Record extracts section start

(* Let $\varphi$ be an increasing concave function on $(0,\infty)$ with $\varphi(0^+)=0$. Then the Lorentz space $\Lambda_\varphi$ on $(0,\infty)$ contains a lattice isometric copy of $\ell_\infty$ if and only if $\varphi(\infty)=\lim_{t\to\infty}\varphi(t)<\infty$.
   Context: The Lorentz space $\Lambda_\varphi$ consists of measurable $f$ on $(0,\infty)$ with $\|f\|_{\Lambda_\varphi}=\int_0^\infty f^*(t)\,d\varphi(t)=\varphi(0^+)\|f\|_\infty+\int_0^\infty f^*(t)\varphi'(t)\,dt<\infty$, where $f^*$ is the non-increasing rearrangement of $|f|$. A lattice isometric copy of $\ell_\infty$ is the image of a linear isometric embedding $T:\ell_\infty\to\Lambda_\varphi$ that is a lattice homomorphism. *)

theory Defs
  imports "HOL-Analysis.Analysis"
begin

definition halfline :: "real measure" where
  "halfline = restrict_space lebesgue {0<..}"

definition distfun :: "(real \<Rightarrow> real) \<Rightarrow> ennreal \<Rightarrow> ennreal" where
  "distfun f s = emeasure halfline {x \<in> space halfline. ennreal \<bar>f x\<bar> > s}"

definition rearr :: "(real \<Rightarrow> real) \<Rightarrow> real \<Rightarrow> ennreal" where
  "rearr f t = Inf {s. distfun f s \<le> ennreal t}"

text \<open>Extension of phi by 0 on (-infinity,0]; with phi(0+)=0 this is continuous and non-decreasing,
  and its Lebesgue--Stieltjes measure is d phi.\<close>
definition phi_ext :: "(real \<Rightarrow> real) \<Rightarrow> real \<Rightarrow> real" where
  "phi_ext \<phi> t = (if t \<le> 0 then 0 else \<phi> t)"

definition lorentz_norm :: "(real \<Rightarrow> real) \<Rightarrow> (real \<Rightarrow> real) \<Rightarrow> ennreal" where
  "lorentz_norm \<phi> f = (\<integral>\<^sup>+ t. rearr f t * indicator {0<..} t \<partial>interval_measure (phi_ext \<phi>))"

definition in_lorentz :: "(real \<Rightarrow> real) \<Rightarrow> (real \<Rightarrow> real) \<Rightarrow> bool" where
  "in_lorentz \<phi> f \<longleftrightarrow> f \<in> borel_measurable halfline \<and> lorentz_norm \<phi> f < \<infinity>"

definition linf :: "(nat \<Rightarrow> real) set" where
  "linf = {x. bounded (range x)}"

definition linf_norm :: "(nat \<Rightarrow> real) \<Rightarrow> real" where
  "linf_norm x = (SUP n. \<bar>x n\<bar>)"

text \<open>A linear isometric lattice-homomorphic embedding of ell_infinity into Lambda_phi
  (elements of Lambda_phi are identified when equal a.e. on (0,infinity)).\<close>
definition lattice_isometric_embedding ::
  "(real \<Rightarrow> real) \<Rightarrow> ((nat \<Rightarrow> real) \<Rightarrow> (real \<Rightarrow> real)) \<Rightarrow> bool" where
  "lattice_isometric_embedding \<phi> T \<longleftrightarrow>
     (\<forall>x\<in>linf. in_lorentz \<phi> (T x)) \<and>
     (\<forall>x\<in>linf. \<forall>y\<in>linf. \<forall>a b. AE t in halfline.
         T (\<lambda>n. a * x n + b * y n) t = a * T x t + b * T y t) \<and>
     (\<forall>x\<in>linf. \<forall>y\<in>linf. AE t in halfline.
         T (\<lambda>n. max (x n) (y n)) t = max (T x t) (T y t)) \<and>
     (\<forall>x\<in>linf. lorentz_norm \<phi> (T x) = ennreal (linf_norm x))"

definition contains_lattice_isometric_linf :: "(real \<Rightarrow> real) \<Rightarrow> bool" where
  "contains_lattice_isometric_linf \<phi> \<longleftrightarrow> (\<exists>T. lattice_isometric_embedding \<phi> T)"

end

theory Submission
  imports Defs
begin

text \<open>If \<open>\<phi>(\<infinity>) = L < \<infinity>\<close>, then \<open>d\<phi>\<close> is a finite measure of mass \<open>L\<close>. Split \<open>(0,\<infinity>)\<close>
  into countably many sets \<open>A\<^sub>n\<close> of infinite Lebesgue measure. The decreasing rearrangement
  of \<open>\<Sum>\<^sub>n x\<^sub>n 1\<^bsub>A\<^sub>n\<^esub> / L\<close> is the constant \<open>sup\<^sub>n \<bar>x\<^sub>n\<bar> / L\<close>, so
  \<open>x \<mapsto> \<Sum>\<^sub>n x\<^sub>n 1\<^bsub>A\<^sub>n\<^esub> / L\<close> is a lattice isometry.

  Conversely, let \<open>\<phi>(\<infinity>) = \<infinity>\<close> and let \<open>T\<close> be a lattice isometry. The images \<open>g\<^sub>n\<close>
  of the unit vectors are disjointly supported, dominated by \<open>f = T 1\<close>, and have norm 1.
  Since \<open>d\<phi>\<close> has infinite mass, \<open>\<parallel>f\<parallel> < \<infinity>\<close> forces the distribution function
  \<open>d\<^sub>f(s)\<close> to be finite for every \<open>s > 0\<close>; by disjointness
  \<open>\<Sum>\<^sub>n d\<^bsub>g\<^sub>n\<^esub>(s) \<le> d\<^sub>f(s)\<close>, hence \<open>d\<^bsub>g\<^sub>n\<^esub>(s) \<rightarrow> 0\<close> and \<open>g\<^sub>n\<^sup>* \<rightarrow> 0\<close> pointwise.
  Dominated convergence with \<open>g\<^sub>n\<^sup>* \<le> f\<^sup>*\<close> gives \<open>\<parallel>g\<^sub>n\<parallel> \<rightarrow> 0\<close>, a contradiction.\<close>

lemma ennreal_suminf_lt_top_LIMSEQ_zero:
  fixes a :: "nat \<Rightarrow> ennreal"
  assumes "(\<Sum>i. a i) < \<infinity>"
  shows "a \<longlonglongrightarrow> 0"
proof -
  have "a i < \<infinity>" for i
    using assms by (rule ennreal_suminf_lessD)
  then obtain b where a: "a = (\<lambda>i. ennreal (b i))" and b: "\<And>i. 0 \<le> b i"
    by (intro that[of "\<lambda>i. enn2real (a i)"]) (auto simp: fun_eq_iff less_top)
  have "summable b"
    using assms b unfolding a by (intro summable_suminf_not_top) auto
  then have "b \<longlonglongrightarrow> 0"
    by (rule summable_LIMSEQ_zero)
  then show ?thesis
    unfolding a by (simp add: tendsto_ennrealI[where x=0, simplified])
qed

section \<open>Distribution function and decreasing rearrangement\<close>

lemma space_halfline: "space halfline = {0<..}"
  by (simp add: halfline_def)

lemma sets_halfline: "A \<in> sets halfline \<longleftrightarrow> A \<in> sets lebesgue \<and> A \<subseteq> {0<..}"
  unfolding halfline_def by (subst sets_restrict_space_iff) auto

lemma emeasure_halfline:
  "A \<in> sets lebesgue \<Longrightarrow> A \<subseteq> {0<..} \<Longrightarrow> emeasure halfline A = emeasure lebesgue A"
  unfolding halfline_def by (rule emeasure_restrict_space) auto
(* Let $N$ be a plain structural conflict Petri net. If $N$ has a fully reachable pure $\mathsf M$, then $N$ is not distributable up to step failures equivalence, i.e. there is no distributed Petri net $D$ with $D\approx_{\mathscr F}N$.
   Context: Fix a set $\mathrm{Act}$ of visible actions and an invisible action $\tau\notin\mathrm{Act}$. A (labelled) Petri net is $N=(S,T,F,M_0,\ell)$ with $S,T$ disjoint, $F:(S\times T)\cup(T\times S)\to\mathbb N$, $M_0\in\mathbb N^S$, $\ell:T\to\mathrm{Act}\cup\{\tau\}$. ${}^\bullet x(y)=F(y,x)$, $x^\bullet(y)=F(x,y)$, extended additively to finite multisets; multiset $\le,\cap,\cup$ pointwise $\le$, min, max. For finite nonempty multiset $G$ of transitions, $M[G\rangle M'$ iff ${}^\bullet G\le M$ and $M'=M-{}^\bullet G+G^\bullet$. Reachable markings: closure of $\{M_0\}$ under steps. $t\smile u$ iff $M[\{t\}+\{u\}\rangle$ for a reachable $M$. Structural conflict net: $t\smile u\Rightarrow{}^\bullet t\cap{}^\bullet u=\emptyset$. Plain: $\ell$ injective and never $\tau$. Fully reachable pure $\mathsf M$: $t,u,v\in T$ with ${}^\bullet t\cap{}^\bullet u\neq\emptyset$, ${}^\bullet u\cap{}^\bullet v\neq\emptyset$, ${}^\bullet t\cap{}^\bullet v=\emptyset$, and a reachable $M$ with ${}^\bullet t\cup{}^\bullet u\cup{}^\bullet v\le M$. Distributed net: there is a function $D$ on $S\cup T$ with (1) $s\in{}^\bullet t\Rightarrow D(t)=D(s)$, (2) $t\smile u\Rightarrow D(t)\neq D(u)$. Step failures equivalence: $M\xrightarrow{\alpha}M'$ iff $M[t\rangle M'$ with $\ell(t)=\alpha$; $\Rightarrow$ is the reflexive transitive closure of $\xrightarrow{\tau}$; $M\overset{a_1\cdots a_n}{\Longrightarrow}M'$ iff $M\Rightarrow\xrightarrow{a_1}\Rightarrow\cdots\xrightarrow{a_n}\Rightarrow M'$. For a step $A$ (finite nonempty multiset over $\mathrm{Act}$), $M\xrightarrow{A}$ iff $M[G\rangle$ for a finite multiset $G$ of transitions, none labelled $\tau$, whose label multiset is $A$. $(\sigma,X)$, $\sigma\in\mathrm{Act}^*$, $X$ a finite set of steps, is a step failure pair iff some $M$ has $M_0\overset{\sigma}{\Longrightarrow}M$, $M\not\xrightarrow{\tau}$, and $M\not\xrightarrow{A}$ for all $A\in X$. $N_1\approx_{\mathscr F}N_2$ iff they have the same step failure pairs. *)

theory Defs
  imports Main "HOL-Library.Multiset"
begin
(* Let $n\ge 3$ and let $H$ be a $3$-uniform hypergraph on $[n]$ such that every $4$-subset of $[n]$ contains an edge of $H$. Let $\Delta=K(H)$ be the $2$-dimensional simplicial complex whose $2$-faces are the edges of $H$ and whose $1$-skeleton is the complete graph on $[n]$. Then $\dim_{\mathbb{Q}} H_1(\Delta;\mathbb{Q})\le n-2$.
   Context: $H_1(\Delta;\mathbb{Q})$ is the first simplicial homology group of $\Delta$ with rational coefficients. *)

theory Defs
  imports Complex_Main "HOL-Library.Function_Algebras"
begin

text \<open>A simplex is a finite set of
  natural numbers, oriented by the natural order of its vertices.\<close>

definition chains :: "nat set set \<Rightarrow> (nat set \<Rightarrow> rat) set" where
  "chains F = {c. \<forall>\<tau>. \<tau> \<notin> F \<longrightarrow> c \<tau> = 0}"

text \<open>Simplicial boundary from chains on faces F to chains on faces G (one dimension lower):
  removing the vertex v from tau contributes sign (-1)^(position of v in sorted tau).\<close>

definition bdry :: "nat set set \<Rightarrow> nat set set \<Rightarrow> (nat set \<Rightarrow> rat) \<Rightarrow> (nat set \<Rightarrow> rat)" where
  "bdry F G c = (\<lambda>\<sigma>. if \<sigma> \<in> G then
      (\<Sum>\<tau>\<in>{\<tau>\<in>F. \<sigma> \<subset> \<tau> \<and> card \<tau> = Suc (card \<sigma>)}.
          (-1) ^ card {x\<in>\<sigma>. x < the_elem (\<tau> - \<sigma>)} * c \<tau>)
    else 0)"

definition qscale :: "rat \<Rightarrow> (nat set \<Rightarrow> rat) \<Rightarrow> (nat set \<Rightarrow> rat)" where
  "qscale a f = (\<lambda>x. a * f x)"

definition KV :: "nat \<Rightarrow> nat set set" where
  "KV n = {{i} | i. i \<in> {1..n}}"

definition KE :: "nat \<Rightarrow> nat set set" where
  "KE n = {e. e \<subseteq> {1..n} \<and> card e = 2}"

definition cycles1 :: "nat \<Rightarrow> nat set set \<Rightarrow> (nat set \<Rightarrow> rat) set" where
  "cycles1 n H = {c \<in> chains (KE n). bdry (KE n) (KV n) c = (\<lambda>_. 0)}"

definition boundaries1 :: "nat \<Rightarrow> nat set set \<Rightarrow> (nat set \<Rightarrow> rat) set" where
  "boundaries1 n H = bdry H (KE n) ` chains H"

definition betti1 :: "nat \<Rightarrow> nat set set \<Rightarrow> nat" where
  "betti1 n H = vector_space.dim qscale (cycles1 n H) - vector_space.dim qscale (boundaries1 n H)"

end

theory Submission
  imports Defs
begin

text \<open>
  Induct on the vertex set. The 4-set condition yields a vertex \<open>v\<close> whose link graph
  \<open>{(a, b). {v, a, b} \<in> H}\<close> has at most two components, with roots \<open>x\<^sub>1\<close>, \<open>x\<^sub>2\<close>:
  if \<open>x, y, z\<close> lie in three different components of the link of some \<open>v\<close>, then
  applying the condition to the 4-sets through \<open>v\<close> and \<open>x\<close> shows that every vertex is
  reached from \<open>y\<close> or \<open>v\<close> in the link of \<open>x\<close>.
  Walking along the link, the triangles at \<open>v\<close> express every edge \<open>{v, u}\<close>, modulo
  boundaries, the boundary \<open>w\<close> of \<open>{v, x\<^sub>1, x\<^sub>2}\<close> and edges avoiding \<open>v\<close>, as a multiple
  of \<open>{v, x\<^sub>2}\<close>; for a cycle that multiple vanishes, as one sees by evaluating the boundary at
  \<open>v\<close>. Hence \<open>Z\<^sub>1(V) \<subseteq> span (B\<^sub>1(V) \<union> {w} \<union> Z\<^sub>1(V - {v}))\<close>: every vertex beyond the
  first two adds at most one generator to \<open>Z\<^sub>1\<close> modulo \<open>B\<^sub>1\<close>.
\<close>

interpretation Q: vector_space qscale
  by unfold_locales (auto simp: qscale_def fun_eq_iff algebra_simps)

context vector_space
begin

lemma dim_le_dim_add_card:
  assumes "finite A" "B \<subseteq> span A" "finite W" "S \<subseteq> span (B \<union> W)"
  shows "dim S \<le> dim B + card W"
proof -
  obtain C where C: "C \<subseteq> B" "independent C" "B \<subseteq> span C" "card C = dim B"
    by (rule basis_exists)
  have "finite C"
    using independent_span_bound[OF assms(1) C(2)] C(1) assms(2) by blast
  have "span (B \<union> W) \<subseteq> span (C \<union> W)"
    using C(3) by (intro span_minimal) (auto intro: span_base span_mono[THEN subsetD])
  then have "dim S \<le> card (C \<union> W)"
    using assms(3,4) \<open>finite C\<close> by (intro dim_le_card) auto
  also have "\<dots> \<le> dim B + card W"
    using card_Un_le[of C W] C(4) by simp
  finally show ?thesis .
qed

end

section \<open>Chains and the boundary map\<close>

definition simplex_chain :: "nat set \<Rightarrow> nat set \<Rightarrow> rat" where
  "simplex_chain \<tau> = (\<lambda>\<sigma>. if \<sigma> = \<tau> then 1 else 0)"

definition incidence :: "nat set \<Rightarrow> nat set \<Rightarrow> rat" where
  "incidence \<sigma> \<tau> = (-1) ^ card {x\<in>\<sigma>. x < the_elem (\<tau> - \<sigma>)}"

lemma incidence_nonzero [simp]: "incidence \<sigma> \<tau> \<noteq> 0"
  by (simp add: incidence_def)

lemma incidence_insert: "v \<notin> \<sigma> \<Longrightarrow> incidence \<sigma> (insert v \<sigma>) = (-1) ^ card (\<sigma> \<inter> {..<v})"
  by (simp add: incidence_def insert_Diff_if Int_def conj_commute)

lemma sum_fun_apply: "sum f A x = (\<Sum>a\<in>A. f a x)"
  by (induction A rule: infinite_finite_induct) auto

lemma bdry_add: "bdry F G (c + d) = bdry F G c + bdry F G d"
  by (auto simp: bdry_def fun_eq_iff distrib_left sum.distrib)

lemma bdry_diff: "bdry F G (c - d) = bdry F G c - bdry F G d"
  by (auto simp: bdry_def fun_eq_iff right_diff_distrib sum_subtractf)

Record extracts section end

• Problem requirements:
Each line in the data that holds the word "shows" must be copied.

• Output below:
  shows "a \<longlonglongrightarrow> 0"
  applying the condition to the 4-sets through \<open>v\<close> and \<open>x\<close> shows that every vertex is
  shows "dim S \<le> dim B + card W"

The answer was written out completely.